Problem description:
Read the records and gather each line that includes "Gamma".

________________________

(* Let $F$ be a commutative field, $1\le h\le n-1$, and let $K$ be a linear complex of $h$-subspaces in $\mathrm{PG}(n,F)$. If $U_1\neq U_2$ are singular $(h-1)$-subspaces of $K$ which are collinear in $\Gamma(n,h-1,F)$ (i.e. $\dim(U_1\cap U_2)=h-2$), then every element of the pencil of $(h-1)$-subspaces determined by $U_1$ and $U_2$ (all $(h-1)$-subspaces containing $U_1\cap U_2$ and contained in $U_1\vee U_2$) is a singular $(h-1)$-subspace of $K$.
   Context: A $d$-subspace is a projective subspace of dimension $d$; $\vee$ denotes join. A linear complex of $h$-subspaces is the set of $h$-subspaces whose Plücker coordinates (image of the span of $v_0,\dots,v_h$ as $F(v_0\wedge\dots\wedge v_h)$ in $\mathbb P(\bigwedge^{h+1}F^{n+1})$) lie in a fixed hyperplane of $\mathbb P(\bigwedge^{h+1}F^{n+1})$. An $(h-1)$-subspace $U$ is singular for $K$ if every $h$-subspace containing $U$ belongs to $K$. $\Gamma(n,h-1,F)$ is the Grassmannian whose points are the $(h-1)$-subspaces and whose lines are pencils of $(h-1)$-subspaces. *)

theory Defs
  imports "HOL-Analysis.Analysis"
begin

text \<open>Projective space PG(n,F) is modelled on the vector space F^(n+1) = 'a^'n with
  CARD('n) = n+1. A projective d-subspace is a linear subspace of vector dimension d+1.\<close>

definition proj_subspace :: "nat \<Rightarrow> ('a::field ^ 'n) set \<Rightarrow> bool" where
  "proj_subspace d S \<longleftrightarrow> vec.subspace S \<and> vec.dim S = d + 1"

definition proj_join :: "('a::field ^ 'n) set \<Rightarrow> ('a ^ 'n) set \<Rightarrow> ('a ^ 'n) set" where
  "proj_join U W = vec.span (U \<union> W)"

text \<open>Alternating (h+1)-linear forms on F^(n+1), with arguments indexed by 0..h.
  These are exactly the linear functionals on the exterior power of degree h+1.\<close>

definition alt_multilinear :: "nat \<Rightarrow> ((nat \<Rightarrow> 'a::field ^ 'n) \<Rightarrow> 'a) \<Rightarrow> bool" where
  "alt_multilinear h f \<longleftrightarrow>
     (\<forall>v w. (\<forall>i\<le>h. v i = w i) \<longrightarrow> f v = f w) \<and>
     (\<forall>v i x y a b. i \<le> h \<longrightarrow>
        f (v(i := a *s x + b *s y)) = a * f (v(i := x)) + b * f (v(i := y))) \<and>
     (\<forall>v i j. i \<le> h \<longrightarrow> j \<le> h \<longrightarrow> i \<noteq> j \<longrightarrow> v i = v j \<longrightarrow> f v = 0)"

text \<open>The Pluecker coordinates F(v_0 \<and> ... \<and> v_h) of the span S of v_0..v_h lie in the
  hyperplane given by the functional corresponding to f.\<close>

definition plucker_in_hyperplane ::
  "nat \<Rightarrow> ((nat \<Rightarrow> 'a::field ^ 'n) \<Rightarrow> 'a) \<Rightarrow> ('a ^ 'n) set \<Rightarrow> bool" where
  "plucker_in_hyperplane h f S \<longleftrightarrow>
     (\<exists>v. (\<forall>i\<le>h. v i \<in> S) \<and> vec.span (v ` {0..h}) = S \<and> f v = 0)"

definition linear_complex ::
  "nat \<Rightarrow> ((nat \<Rightarrow> 'a::field ^ 'n) \<Rightarrow> 'a) \<Rightarrow> ('a ^ 'n) set set" where
  "linear_complex h f = {S. proj_subspace h S \<and> plucker_in_hyperplane h f S}"

definition is_linear_complex :: "nat \<Rightarrow> ('a::field ^ 'n) set set \<Rightarrow> bool" where
  "is_linear_complex h K \<longleftrightarrow>
     (\<exists>f. alt_multilinear h f \<and> (\<exists>v. f v \<noteq> 0) \<and> K = linear_complex h f)"

definition singular :: "nat \<Rightarrow> ('a::field ^ 'n) set set \<Rightarrow> ('a ^ 'n) set \<Rightarrow> bool" where
  "singular h K U \<longleftrightarrow> proj_subspace (h - 1) U \<and>
     (\<forall>S. proj_subspace h S \<and> U \<subseteq> S \<longrightarrow> S \<in> K)"

end

theory Submission
  imports Defs
begin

________________________

Written response:
(* Let $F$ be a commutative field, $1\le h\le n-1$, and let $K$ be a linear complex of $h$-subspaces in $\mathrm{PG}(n,F)$. If $U_1\neq U_2$ are singular $(h-1)$-subspaces of $K$ which are collinear in $\Gamma(n,h-1,F)$ (i.e. $\dim(U_1\cap U_2)=h-2$), then every element of the pencil of $(h-1)$-subspaces determined by $U_1$ and $U_2$ (all $(h-1)$-subspaces containing $U_1\cap U_2$ and contained in $U_1\vee U_2$) is a singular $(h-1)$-subspace of $K$.
   Context: A $d$-subspace is a projective subspace of dimension $d$; $\vee$ denotes join. A linear complex of $h$-subspaces is the set of $h$-subspaces whose Plücker coordinates (image of the span of $v_0,\dots,v_h$ as $F(v_0\wedge\dots\wedge v_h)$ in $\mathbb P(\bigwedge^{h+1}F^{n+1})$) lie in a fixed hyperplane of $\mathbb P(\bigwedge^{h+1}F^{n+1})$. An $(h-1)$-subspace $U$ is singular for $K$ if every $h$-subspace containing $U$ belongs to $K$. $\Gamma(n,h-1,F)$ is the Grassmannian whose points are the $(h-1)$-subspaces and whose lines are pencils of $(h-1)$-subspaces. *)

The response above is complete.